# Scent Blocker>Freak Nasty



## TauntoHawk (Aug 25, 2010)

I like the dreamseason guys and waddell but their lines from scent blocker are AWEFULLLL you nothing but bad, and for the money they should be top notch. their design and features are great but construction is bad.. clothes fall apart and rip and their boots leak first time in the field.


----------



## redhookred1 (Dec 9, 2008)

call Michael Waddell at 1 (800) Big -$$$$


----------



## hoytalphamax (Jan 26, 2009)

TauntoHawk said:


> I like the dreamseason guys and waddell but their lines from scent blocker are AWEFULLLL you nothing but bad, and for the money they should be top notch. their design and features are great but construction is bad.. clothes fall apart and rip and their boots leak first time in the field.
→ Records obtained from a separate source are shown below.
lemma tau_e_on_fibre:
  assumes "valid_params P" and "torus_eq \<theta> (c *\<^sub>R 1 + \<theta>dq)"
  shows "tau_e P \<theta> irs (pi_is P w irs \<theta>) = Knet P w irs \<theta>dq *v (w *\<^sub>R 1)"
proof -
  have "tau_e P \<theta> irs (pi_is P w irs \<theta>) = tau_e P \<theta>dq irs (pi_is P w irs \<theta>dq)"
    unfolding tau_e_def rotor_frame_current_on_fibre[OF assms] ..
  then show ?thesis by (simp add: tau_e_pi_is)
qed

definition rotor_flux :: "('n::finite, 'm::finite) mparams \<Rightarrow> real^'n \<Rightarrow> real^'n \<Rightarrow> real^('n\<times>2) \<Rightarrow> real^'n" where
  "rotor_flux P \<theta> ir is =
     diagm (pLr P) *v ir + kron_row (diagm (pLm P)) e1 *v (transpose (blkrot \<theta>) *v is)"

definition stator_flux :: "('n::finite, 'm::finite) mparams \<Rightarrow> real^'n \<Rightarrow> real^'n \<Rightarrow> real^('n\<times>2) \<Rightarrow> real^('n\<times>2)" where
  "stator_flux P \<theta> ir is = LsM P *v is + blkrot \<theta> *v (kron_col (diagm (pLm P)) e1 *v ir)"

lemma flux_ok_iff: "flux_ok P \<theta> ir is lr ls \<longleftrightarrow> lr = rotor_flux P \<theta> ir is \<and> ls = stator_flux P \<theta> ir is"
  by (auto simp add: flux_ok_def rotor_flux_def stator_flux_def)

lemma rotor_flux_on_fibre:
  assumes "valid_params P" and "torus_eq \<theta> (c *\<^sub>R 1 + \<theta>dq)"
  shows "rotor_flux P \<theta> irs (pi_is P w irs \<theta>) = rotor_flux P \<theta>dq irs (pi_is P w irs \<theta>dq)"
  unfolding rotor_flux_def rotor_frame_current_on_fibre[OF assms] ..

lemma kron_col_matrix_vector_mult: "(kron_col A v *v x) $ p = v $ snd p * (A *v x) $ fst p"
  by (simp add: kron_col_def matrix_vector_mult_def sum_distrib_left ac_simps)

lemma bj_kron_col_e1: "bj *v (kron_col A e1 *v x) = kron_col A e2 *v x"
proof -
  have "(bj *v (kron_col A e1 *v x)) $ p = (jmat *v e1) $ snd p * (A *v x) $ fst p" for p
    unfolding bj_eq_blkdiag blkdiag_matrix_vector_mult kron_col_matrix_vector_mult
    by (simp add: matrix_vector_mult_def[of jmat] sum_distrib_left ac_simps)
  then show ?thesis
    by (simp add: vec_eq_iff jmat_e1 kron_col_matrix_vector_mult)
qed

lemma stator_flux_phasor:
  assumes "valid_params P"
  shows "w *\<^sub>R (bj *v stator_flux P \<theta> irs (pi_is P w irs \<theta>))
    = - (RsM P *v pi_is P w irs \<theta>) + pi_v P w irs \<theta>"
proof -
  have "w *\<^sub>R (bj *v (blkrot \<theta> *v (kron_col (diagm (pLm P)) e1 *v irs))) = emf P w irs \<theta>"
    by (simp add: emf_def matrix_vector_mul_assoc matrix_mul_assoc blkrot_commute_bj
        flip: bj_kron_col_e1)
  then show ?thesis
    using emf_eq_Zs_pi_is[OF assms, of w irs \<theta>]
    by (simp add: stator_flux_def Zs_def matrix_vector_right_distrib matrix_vector_mult_add_rdistrib
        matrix_vector_mult_scaleR_left matrix_vector_mul_assoc algebra_simps)
qed

lemma node_phasor:
  assumes "valid_params P"
  shows "w *\<^sub>R (bj *v (CM P *v pi_v P w irs \<theta>))
    = - (GM P *v pi_v P w irs \<theta>) - EM P *v pi_it P w irs \<theta> - pi_is P w irs \<theta>"
proof -
  have "GM P *v pi_v P w irs \<theta> + w *\<^sub>R (bj *v (CM P *v pi_v P w irs \<theta>)) + EM P *v pi_it P w irs \<theta>
      = - pi_is P w irs \<theta>"
    using Yc_pi_v_eq[OF assms, of w irs \<theta>]
    by (simp add: Yc_def matrix_vector_mult_add_rdistrib matrix_vector_mult_scaleR_left
        matrix_vector_mul_assoc)
  then show ?thesis
    by (simp add: algebra_simps eq_neg_iff_add_eq_0)
qed

lemma line_phasor:
  assumes "valid_params P"
  shows "w *\<^sub>R (bj *v (LtM P *v pi_it P w irs \<theta>))
    = - (RtM P *v pi_it P w irs \<theta>) + transpose (EM P) *v pi_v P w irs \<theta>"
  using Zt_pi_it_eq[OF assms, of w irs \<theta>]
  by (simp add: Zt_def matrix_vector_mult_add_rdistrib matrix_vector_mult_scaleR_left
      matrix_vector_mul_assoc algebra_simps)

lemma phase_equivariant_stator_flux:
  "valid_params P \<Longrightarrow> phase_equivariant (\<lambda>\<theta>. stator_flux P \<theta> irs (pi_is P w irs \<theta>))"
  unfolding stator_flux_def LsM_def
  by (intro phase_equivariant_add phase_equivariant_matrix_vector_mult phase_equivariant_pi
      phase_equivariant_blkrot kron_I2_commute_bj)

section \<open>The invariant set\<close>

lemma torus_eq_sym: "torus_eq a b \<Longrightarrow> torus_eq b a"
  unfolding torus_eq_def by (metis minus_diff_eq mult_minus_right of_int_minus)

lemma torus_eq_trans:
  assumes "torus_eq a b" and "torus_eq b c"
  shows "torus_eq a c"
  unfolding torus_eq_def
proof
  fix i
  obtain k l :: int where "a $ i - b $ i = 2 * pi * of_int k" and "b $ i - c $ i = 2 * pi * of_int l"
    using assms unfolding torus_eq_def by meson
  then have "a $ i - c $ i = 2 * pi * of_int (k + l)"
    by (simp add: algebra_simps)
  then show "\<exists>k::int. a $ i - c $ i = 2 * pi * of_int k" ..
qed

lemma torus_eq_add: "torus_eq a b \<Longrightarrow> torus_eq (a + x) (b + x)"
  unfolding torus_eq_def by simp

lemma torus_eq_scaleR_one_reduce:
  assumes "0 < w"
  obtains s where "s \<in> {0..<2 * pi / w}" and "torus_eq (c *\<^sub>R 1 + \<theta>) ((s * w) *\<^sub>R 1 + \<theta>)"
proof
  define k where "k = \<lfloor>c / (2 * pi)\<rfloor>"
  have "2 * pi * of_int k \<le> c" and "c < 2 * pi * of_int k + 2 * pi"
    using floor_divide_lower[of "2 * pi" c] floor_divide_upper[of "2 * pi" c]
    by (simp_all add: k_def algebra_simps)
  then show "(c - 2 * pi * of_int k) / w \<in> {0..<2 * pi / w}"
    using assms by (simp add: divide_strict_right_mono)
  show "torus_eq (c *\<^sub>R 1 + \<theta>) ((((c - 2 * pi * of_int k) / w) * w) *\<^sub>R 1 + \<theta>)"
    using assms unfolding torus_eq_def by (auto intro: exI[of _ k])
qed

lemma in_Gamma_iff:
  assumes "0 < w"
  shows "in_Gamma P w irs \<theta>dq om \<theta> v it ir is \<longleftrightarrow>
    ir = irs \<and> om = w *\<^sub>R 1 \<and> (\<exists>c. torus_eq \<theta> (c *\<^sub>R 1 + \<theta>dq)) \<and>
    is = pi_is P w irs \<theta> \<and> v = pi_v P w irs \<theta> \<and> it = pi_it P w irs \<theta>"
proof
  assume "in_Gamma P w irs \<theta>dq om \<theta> v it ir is"
  then obtain s where "torus_eq \<theta> ((s * w) *\<^sub>R 1 + \<theta>dq)"
    and "(is, v, it) = pihat P w irs ((s * w) *\<^sub>R 1 + \<theta>dq)" and "ir = irs" and "om = w *\<^sub>R 1"
    by (auto simp: in_Gamma_def)
  then show "ir = irs \<and> om = w *\<^sub>R 1 \<and> (\<exists>c. torus_eq \<theta> (c *\<^sub>R 1 + \<theta>dq)) \<and>
    is = pi_is P w irs \<theta> \<and> v = pi_v P w irs \<theta> \<and> it = pi_it P w irs \<theta>"
    by (auto simp: pihat_eq pi_periodic[OF torus_eq_sym])
next
  assume point: "ir = irs \<and> om = w *\<^sub>R 1 \<and> (\<exists>c. torus_eq \<theta> (c *\<^sub>R 1 + \<theta>dq)) \<and>
    is = pi_is P w irs \<theta> \<and> v = pi_v P w irs \<theta> \<and> it = pi_it P w irs \<theta>"
  then obtain c where "torus_eq \<theta> (c *\<^sub>R 1 + \<theta>dq)"
    by blast
  moreover obtain s where "s \<in> {0..<2 * pi / w}" and "torus_eq (c *\<^sub>R 1 + \<theta>dq) ((s * w) *\<^sub>R 1 + \<theta>dq)"
    using torus_eq_scaleR_one_reduce[OF assms] .
  ultimately have "s \<in> {0..<2 * pi / w}" and fibre: "torus_eq \<theta> ((s * w) *\<^sub>R 1 + \<theta>dq)"
    by (auto intro: torus_eq_trans)
  moreover have "pihat P w irs ((s * w) *\<^sub>R 1 + \<theta>dq) = (is, v, it)"
    using point by (simp add: pihat_eq pi_periodic[OF torus_eq_sym[OF fibre]])
  ultimately show "in_Gamma P w irs \<theta>dq om \<theta> v it ir is"
    using point unfolding in_Gamma_def by auto
qed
Yea I got a pair of the first boots they made and the zipper broke on them so they are useless..But you would think they would have better cs then what they do this stuff should last at least 4-5 years as much as it cost and heck it only gets wornin 4 months out of the year JUNK never again I will be switchin to all under amour


----------



## wideroad (Oct 25, 2010)

Same thing happened to the mack daddy pants I got this year....maybe 6 times in the woods and the zipper comes out of the pocket!:angry:


----------



## hoytalphamax (Jan 26, 2009)

wideroad said:


> Same thing happened to the mack daddy pants I got this year....maybe 6 times in the woods and the zipper comes out of the pocket!:angry:


Have you tried to contac them to see if they would do anything about it ?


----------



## DeerHuntinDan (Nov 28, 2010)

I have been very close to purchasing some Scent Blocker to wear under my ASAT 3D suit. I think I may have to look somewhere else for my scent protection clothing.....


----------



## daniel22 (Nov 23, 2010)

wow i wish i wouldnt have read this i just bought a freak nasty suit cause it was on sell


----------



## redhookred1 (Dec 9, 2008)

They are actually not as bad as they sound in this thread,Many people swear by them...I won a freak nasty set and they have worked out well ,Yes the are overpriced thanks to Wadell,But check out Under armour if you want to empty your wallet!!!!


----------



## hoytalphamax (Jan 26, 2009)

No dont get me wrong the stuff works great I have been within 3 yards of a deer on the ground not in a ground blind it walked right up to me there scent protecion is great I love it but what im sayin is the stuff falls apart and dont hold up not made well on the outside..And I would rather empty my wallet on UA if its gonna last a long time like the scent blocker should...If they would e mail me back and say send us your old back and we will give you a new suit or just give me some money towards a new one I would be happy with that.But after a e mail with no reply looks like im gone to UA...Is there a guy on here like a rep for scent blocker ??


----------



## TauntoHawk (Aug 25, 2010)

camo is difficult, my scent blocker works great but is cheaply made.. poor stiching and zippers

i have 1 piece of sitka, extremely well made but too expensive if i had paid full price


i want some tough as nails functional camo looked at ASAT elite, predator camo, actic shield, russell outdoors apg x2 but who knows what will work best and i dont have the money to waste and try something that isnt going to work


----------



## silentdeathtx4 (Aug 2, 2010)

I love my dream season hyper fleece suit. I had a problem with some of their boots and called them and they took care of me, they actualy replaced the damaged boots and gave me another free pair.


----------



## moose_macdaddy (Sep 8, 2008)

They are absolutely the worst pair of pants I have ever put on. They are comfortable but the VERY FIRST time I hunted with these the stitching in the cargo pocket came undone and a HUGE hole in the crotch area. This season both zippers on the cargo pockets broke. WASTE of hard earned cash!


----------



## hoytalphamax (Jan 26, 2009)

I called and raised a lil hell with em few hours ang and the women said to send em back and the would see what they could do...I spoke my mind too


----------



## slsaildxt (Dec 11, 2010)

let us know if the support the product


----------



## Monkeybutt2000 (May 7, 2009)

Why the heck wold you buy clothes called "freak nasty" and "mac daddy" in the first place,LOL??


----------